= What to work on =
Lines holding the string "obtain": copy each one from the listing below.

= Available data =
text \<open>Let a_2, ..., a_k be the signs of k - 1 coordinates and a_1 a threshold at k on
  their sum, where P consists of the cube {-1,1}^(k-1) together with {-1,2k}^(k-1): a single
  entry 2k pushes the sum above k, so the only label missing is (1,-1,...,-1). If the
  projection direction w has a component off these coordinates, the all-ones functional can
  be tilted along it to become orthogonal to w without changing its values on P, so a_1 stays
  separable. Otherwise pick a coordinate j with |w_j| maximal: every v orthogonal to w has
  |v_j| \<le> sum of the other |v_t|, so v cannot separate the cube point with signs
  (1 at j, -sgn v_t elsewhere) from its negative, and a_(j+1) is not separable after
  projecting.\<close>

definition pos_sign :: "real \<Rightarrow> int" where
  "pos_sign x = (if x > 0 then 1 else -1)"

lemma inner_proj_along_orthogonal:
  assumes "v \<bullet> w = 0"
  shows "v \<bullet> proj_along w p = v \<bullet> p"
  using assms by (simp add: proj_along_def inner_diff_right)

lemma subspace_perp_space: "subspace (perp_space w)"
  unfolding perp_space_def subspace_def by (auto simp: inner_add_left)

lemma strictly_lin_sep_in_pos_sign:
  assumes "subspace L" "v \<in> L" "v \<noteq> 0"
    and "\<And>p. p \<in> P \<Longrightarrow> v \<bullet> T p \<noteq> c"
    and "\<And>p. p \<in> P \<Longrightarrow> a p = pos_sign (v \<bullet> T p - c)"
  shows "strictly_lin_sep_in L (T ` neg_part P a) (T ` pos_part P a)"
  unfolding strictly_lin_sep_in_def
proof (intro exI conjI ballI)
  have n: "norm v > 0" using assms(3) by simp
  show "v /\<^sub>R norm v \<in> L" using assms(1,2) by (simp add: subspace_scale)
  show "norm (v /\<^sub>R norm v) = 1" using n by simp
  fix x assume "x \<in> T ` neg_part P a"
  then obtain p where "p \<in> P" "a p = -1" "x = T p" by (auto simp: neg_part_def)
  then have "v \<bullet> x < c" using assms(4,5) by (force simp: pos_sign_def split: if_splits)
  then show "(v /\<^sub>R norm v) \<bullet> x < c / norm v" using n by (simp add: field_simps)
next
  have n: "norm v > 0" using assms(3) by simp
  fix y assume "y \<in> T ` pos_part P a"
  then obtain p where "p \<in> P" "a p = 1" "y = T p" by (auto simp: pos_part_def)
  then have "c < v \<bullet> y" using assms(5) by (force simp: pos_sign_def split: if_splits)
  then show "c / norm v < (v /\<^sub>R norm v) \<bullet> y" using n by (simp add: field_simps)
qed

= Answer to this exercise =
  then obtain p where "p \<in> P" "a p = -1" "x = T p" by (auto simp: neg_part_def)
  then obtain p where "p \<in> P" "a p = 1" "y = T p" by (auto simp: pos_part_def)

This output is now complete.